Although Hall is keen to understand Jones' perspective, he does not excuse him from leading over 900 people to their deaths. Jones' particular utopian, pre-apocalyptic, messianic blend of Christianity and social dogooding was a crucial part of the Jonestown recipe of destruction. As was the leader's hypocrisy and compromised ethics. A chilling study.
Davis California tends to be sort of a Jonestown Ground Zero. Inner circle baby killers, Annie Moore and Carolyn Moore Layton grew up there, Leo Ryan’s assassin Larry Layton went to UCD and the Jim Jones defenders and apologist hand ringing parents of the Moore sisters were part of the community and the university. Even Maria Katsaris’ brother ended up there as a teacher.
John Hall, sociologist at UC Davis adds to the Davis Jonestown connection with some fairly succinct and strong arguments. He’s not an apologist, but unfortunately, in some of his attempts to explain the behavior he does abdicate individual responsibility on the part of the inner circle. His theory is that there’s a feedback loop and the inner circle enables the evil of Jones….”That they did what they felt was right for a greater cause.”

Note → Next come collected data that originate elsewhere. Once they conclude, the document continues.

lemma abs_le_along_grid_of_second_differences:
  fixes \<phi> :: "real \<Rightarrow> real"
  assumes w: "w \<ge> 0"
    and D: "\<And>y s. 0 \<le> y \<Longrightarrow> 0 < s \<Longrightarrow> s \<le> h \<Longrightarrow>
              \<bar>\<phi> (y + 2 * s) - 2 * \<phi> (y + s) + \<phi> y\<bar> \<le> w"
    and s: "s \<noteq> 0" "\<bar>s\<bar> \<le> h" and u: "u \<ge> 0" "u + real m * s \<ge> 0"
    and zero: "\<phi> u = 0" and first: "\<bar>\<phi> (u + s)\<bar> \<le> a"
  shows "\<bar>\<phi> (u + real m * s)\<bar> \<le> real m * a + (real m)\<^sup>2 * w"
proof -
  have grid_nonneg: "u + real k * s \<ge> 0" if "k \<le> m" for k
  proof (cases "s \<ge> 0")
    case False
    then have "real m * s \<le> real k * s" using that by (simp add: mult_right_mono_neg)
    then show ?thesis using u by linarith
  qed (use u in simp)
  define e where "e k = \<phi> (u + real k * s)" for k
  have "\<bar>e m\<bar> \<le> real m * a + (real m)\<^sup>2 * w"
  proof (rule abs_le_of_second_differences_seq[OF w])
    show "e 0 = 0" "\<bar>e 1\<bar> \<le> a" using zero first by (simp_all add: e_def)
    fix k assume "k + 2 \<le> m"
    then have ends: "u + real k * s \<ge> 0" "u + real (k + 2) * s \<ge> 0"
      using grid_nonneg[of k] grid_nonneg[of "k + 2"] by simp_all
    show "\<bar>e (k + 2) - 2 * e (k + 1) + e k\<bar> \<le> w"
    proof (cases "s > 0")
      case True
      with s have "0 < s" "s \<le> h" by auto
      from D[OF ends(1) this] show ?thesis by (simp add: e_def algebra_simps)
    next
      case False
      with s have "0 < - s" "- s \<le> h" by auto
      from D[OF ends(2) this] show ?thesis by (simp add: e_def algebra_simps)
    qed
  qed
  then show ?thesis by (simp add: e_def)
qed

lemma abs_le_of_second_differences_vanishing_at:
  fixes \<phi> :: "real \<Rightarrow> real"
  assumes h: "h > 0" and u: "u \<ge> 0" and zeros: "\<phi> u = 0" "\<phi> (u + h) = 0"
    and bdd: "\<And>a b. 0 \<le> a \<Longrightarrow> bounded (\<phi> ` {a..b})"
    and D: "\<And>y s. 0 \<le> y \<Longrightarrow> 0 < s \<Longrightarrow> s \<le> h \<Longrightarrow>
              \<bar>\<phi> (y + 2 * s) - 2 * \<phi> (y + s) + \<phi> y\<bar> \<le> w"
    and t: "t \<ge> 0"
  shows "\<bar>\<phi> t\<bar> \<le> (8 + 2 * (t - u)\<^sup>2 / h\<^sup>2) * w"
proof -
  have w: "w \<ge> 0" using D[of 0 h] h by fastforce
  show ?thesis
  proof (cases "t = u")
    case False
    \<comment> \<open>then t = u + m s exactly, and all grid points lie between u and t\<close>
    define r where "r = \<bar>t - u\<bar> / h"
    define m where "m = nat \<lceil>r\<rceil>"
    define s where "s = (t - u) / real m"
    have "r > 0" using False h by (simp add: r_def)
    then have "real m = of_int \<lceil>r\<rceil>" by (simp add: m_def)
    then have m: "r \<le> real m" "real m < r + 1" using ceiling_correct[of r] by linarith+
    with \<open>r > 0\<close> have "m \<ge> 1" by simp
    then have t_eq: "t = u + real m * s" by (simp add: s_def)
    have s: "s \<noteq> 0" "\<bar>s\<bar> \<le> h"
      using m \<open>m \<ge> 1\<close> h False by (auto simp: s_def r_def abs_divide field_simps)
    have "u + s \<ge> 0"
    proof (cases "s \<ge> 0")
      case False
      then have "real m * s \<le> s" using \<open>m \<ge> 1\<close> by (simp add: mult_le_cancel_right1)
      then show ?thesis using t t_eq by linarith
    qed (use u in simp)
    have "\<bar>\<phi> t\<bar> \<le> real m * (2 * w) + (real m)\<^sup>2 * w"
      unfolding t_eq
    proof (rule abs_le_along_grid_of_second_differences[OF w D s u _ zeros(1)])
      show "u + real m * s \<ge> 0" using t t_eq by simp
      show "\<bar>\<phi> (u + s)\<bar> \<le> 2 * w"
        by (rule abs_le_near_zeros_of_second_differences[OF h zeros bdd D u s(2) \<open>u + s \<ge> 0\<close>])
    qed
    also have "\<dots> = (real m * 2 + (real m)\<^sup>2) * w" by (simp add: algebra_simps)
    also have "\<dots> \<le> (8 + 2 * r\<^sup>2) * w"
    proof (rule mult_right_mono[OF _ w])
      have "real m * 2 + (real m)\<^sup>2 \<le> (r + 1) * 2 + (r + 1)\<^sup>2"
        using m \<open>r > 0\<close> by (intro add_mono power_mono) auto
      also have "\<dots> \<le> 8 + 2 * r\<^sup>2"
        using zero_le_square[of "r - 2"] by (simp add: power2_eq_square algebra_simps)
      finally show "real m * 2 + (real m)\<^sup>2 \<le> 8 + 2 * r\<^sup>2" .
    qed
    finally show ?thesis by (simp add: r_def power_divide)
  qed (use zeros w in simp)
qed

lemma bdd_above_omega2_set:
  fixes g :: "real \<Rightarrow> real"
  assumes B: "\<And>t. t \<ge> 0 \<Longrightarrow> \<bar>g t\<bar> \<le> B"
  shows "bdd_above ({0} \<union> {\<bar>g (y + 2 * s) - 2 * g (y + s) + g y\<bar> | s y. 0 < s \<and> s \<le> \<delta> \<and> y \<ge> 0})"
proof (rule bdd_aboveI[of _ "4 * B"])
  fix a
  assume "a \<in> {0} \<union> {\<bar>g (y + 2 * s) - 2 * g (y + s) + g y\<bar> | s y. 0 < s \<and> s \<le> \<delta> \<and> y \<ge> 0}"
  then consider "a = 0" | s y where "a = \<bar>g (y + 2 * s) - 2 * g (y + s) + g y\<bar>" "0 < s" "y \<ge> 0"
    by blast
  then show "a \<le> 4 * B"
  proof cases
    case 1
    then show ?thesis using B[of 0] by simp
  next
    case 2
    then have "\<bar>g (y + 2 * s)\<bar> \<le> B" "\<bar>g (y + s)\<bar> \<le> B" "\<bar>g y\<bar> \<le> B" by (simp_all add: B)
    with 2 show ?thesis by (simp add: abs_le_iff; linarith)
  qed
qed

lemma second_difference_le_omega2:
  fixes g :: "real \<Rightarrow> real"
  assumes "\<And>t. t \<ge> 0 \<Longrightarrow> \<bar>g t\<bar> \<le> B" and "y \<ge> 0" "0 < s" "s \<le> \<delta>"
  shows "\<bar>g (y + 2 * s) - 2 * g (y + s) + g y\<bar> \<le> omega2 g \<delta>"
  unfolding omega2_def using assms by (intro cSup_upper bdd_above_omega2_set) blast+

lemma omega2_nonneg:
  fixes g :: "real \<Rightarrow> real"
  assumes "\<And>t. t \<ge> 0 \<Longrightarrow> \<bar>g t\<bar> \<le> B"
  shows "omega2 g \<delta> \<ge> 0"
  unfolding omega2_def using assms by (intro cSup_upper2[of 0] bdd_above_omega2_set) auto

lemma abs_diff_le_omega:
  fixes g :: "real \<Rightarrow> real"
  assumes B: "\<And>t. t \<ge> 0 \<Longrightarrow> \<bar>g t\<bar> \<le> B" and "s \<ge> 0" "t \<ge> 0" "\<bar>s - t\<bar> \<le> \<delta>"
  shows "\<bar>g s - g t\<bar> \<le> omega g \<delta>"
  unfolding omega_def
proof (rule cSup_upper)
  show "\<bar>g s - g t\<bar> \<in> {\<bar>g s - g t\<bar> | s t. s \<ge> 0 \<and> t \<ge> 0 \<and> \<bar>s - t\<bar> \<le> \<delta>}"
    using assms by blast
  have "\<bar>g s' - g t'\<bar> \<le> 2 * B" if "s' \<ge> 0" "t' \<ge> 0" for s' t'
    using B[OF that(1)] B[OF that(2)] by (simp add: abs_le_iff; linarith)
  then show "bdd_above {\<bar>g s - g t\<bar> | s t. s \<ge> 0 \<and> t \<ge> 0 \<and> \<bar>s - t\<bar> \<le> \<delta>}"
    by (intro bdd_aboveI[of _ "2 * B"]) blast
qed

lemma affine_deviation_le_omega2:
  fixes g :: "real \<Rightarrow> real"
  assumes B: "\<And>t. t \<ge> 0 \<Longrightarrow> \<bar>g t\<bar> \<le> B" and \<delta>: "\<delta> > 0" and u: "u \<ge> 0" and t: "t \<ge> 0"
  shows "\<bar>g t - g u - (g (u + \<delta>) - g u) / \<delta> * (t - u)\<bar> \<le> (8 + 2 * (t - u)\<^sup>2 / \<delta>\<^sup>2) * omega2 g \<delta>"
proof -
  define L where "L = (g (u + \<delta>) - g u) / \<delta>"
  define \<phi> where "\<phi> x = g x - (g u + L * (x - u))" for x
  have "bounded (\<phi> ` {a..b})" if "0 \<le> a" for a b
    unfolding \<phi>_def
  proof (rule bounded_minus_comp)
    show "bounded (g ` {a..b})" using B that by (auto simp: bounded_iff intro!: exI[of _ B])
    show "bounded ((\<lambda>x. g u + L * (x - u)) ` {a..b})"
      by (intro compact_imp_bounded compact_continuous_image continuous_intros) auto
  qed
  moreover have "\<phi> (y + 2 * s) - 2 * \<phi> (y + s) + \<phi> y = g (y + 2 * s) - 2 * g (y + s) + g y" for y s
    by (simp add: \<phi>_def algebra_simps)
  then have "\<bar>\<phi> (y + 2 * s) - 2 * \<phi> (y + s) + \<phi> y\<bar> \<le> omega2 g \<delta>"
    if "0 \<le> y" "0 < s" "s \<le> \<delta>" for y s
    using second_difference_le_omega2[OF B that] by simp
  moreover have "\<phi> u = 0" "\<phi> (u + \<delta>) = 0" using \<delta> by (simp_all add: \<phi>_def L_def)
  ultimately have "\<bar>\<phi> t\<bar> \<le> (8 + 2 * (t - u)\<^sup>2 / \<delta>\<^sup>2) * omega2 g \<delta>"
    using \<delta> u t by (intro abs_le_of_second_differences_vanishing_at) auto
  then show ?thesis by (simp add: \<phi>_def L_def algebra_simps)
qed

Unfortunately, he joins over a dozen white scholars who have been given the opportunity to theorize on why Black Americans followed Jones. He provides not only his own observations as a sociologist, but a historical survey of the peoples temple movement and the massacre. Again, this opportunity was not afforded to a Black sociologist (there are no long form historical surveys of people’s temple written by black authors, historians or sociologist, despite the movement being 70% Black and the majority of the victims being Black ) so surveys like this tend to wear thin after a while.
I think he’s nonjudgmental and balanced and is a good writer. Just take the caveats into consideration.

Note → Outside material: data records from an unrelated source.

(* Let $k,t\ge0$ be integers. Then for every $\theta\in\mathbb{R}$, \[ \Big|\frac{d^k}{d\theta^k}P_t(e^{i\theta})\Big|,\ \Big|\frac{d^k}{d\theta^k}Q_t(e^{i\theta})\Big|\le 2^{kt+(t+1)/2}. \] In particular, with $T=2^{t+10}$ and $\alpha,\beta$ as in the context, $|\alpha^{(k)}(x)|,|\beta^{(k)}(x)|\le 2^{-10k}$ for every integer $k\ge1$ and every $x\in\mathbb{R}$.
   Context: Rudin–Shapiro polynomials: $P_0(z)=Q_0(z)=1$ and for $s\ge0$, $P_{s+1}(z)=P_s(z)+z^{2^s}Q_s(z)$, $Q_{s+1}(z)=P_s(z)-z^{2^s}Q_s(z)$. For the integer $t$, set $T:=2^{t+10}$ and for $x\in\mathbb{R}$ define $\alpha(x):=2^{-(t+1)/2}P_t(e^{ix/T})$ and $\beta(x):=2^{-(t+1)/2}Q_t(e^{ix/T})$. *)

theory Defs
  imports "HOL-Analysis.Analysis"
begin

fun RSP :: "nat \<Rightarrow> complex \<Rightarrow> complex" and RSQ :: "nat \<Rightarrow> complex \<Rightarrow> complex" where
  "RSP 0 z = 1"
| "RSQ 0 z = 1"
| "RSP (Suc s) z = RSP s z + z ^ (2 ^ s) * RSQ s z"
| "RSQ (Suc s) z = RSP s z - z ^ (2 ^ s) * RSQ s z"

definition rderiv_iter :: "nat \<Rightarrow> (real \<Rightarrow> complex) \<Rightarrow> real \<Rightarrow> complex" where
  "rderiv_iter k f = ((\<lambda>g x. vector_derivative g (at x)) ^^ k) f"

definition RS_T :: "nat \<Rightarrow> real" where
  "RS_T t = 2 ^ (t + 10)"

definition RS_alpha :: "nat \<Rightarrow> real \<Rightarrow> complex" where
  "RS_alpha t x = complex_of_real (2 powr (- (real t + 1) / 2)) * RSP t (exp (\<i> * complex_of_real (x / RS_T t)))"

definition RS_beta :: "nat \<Rightarrow> real \<Rightarrow> complex" where
  "RS_beta t x = complex_of_real (2 powr (- (real t + 1) / 2)) * RSQ t (exp (\<i> * complex_of_real (x / RS_T t)))"

end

John R. Hall has taken a different angle than many of the books that flooded the market following the Peoples Temple tragedy. Hall argues that Jim Jones and Peoples Temple are both products of the cultural norms of the day. He likens them to other left-leaning organizations, conventional churches, Father Divine and black Pentecostal churches. He looks at factors that contributed to the rise of Peoples Temple as a social movement and a religious organization in the U.S. Hall views Jones as more than just a megalomaniacal charlatan who preyed on the elderly and poor. Somewhere something just went terribly wrong. Hall offers a convincing argument. Peoples Temple did not start out as a cult; at one time it offered its members many needed social services. This book is a very good analysis of Peoples Temple in the context of the culture that surrounded it. Hall questions the motives and tactics of many of those who opposed the People’s Temple. Hall’s book stands out from other books written about this event in the way that he looks at how this tragedy affected American society. He also believes that there are many lessons to be learned from this tragedy. This second edition has a new introduction by the author. This introduction was previously published in the January/February 2004 edition of Society. An extensive bibliography, citations and an index also compliment this book.
A really work that places Peoples Temple within the larger cultural forces that surrounded and created it. Also asks the disturbing question: to what extent did Peoples Temple and the Jonestown event reflect America?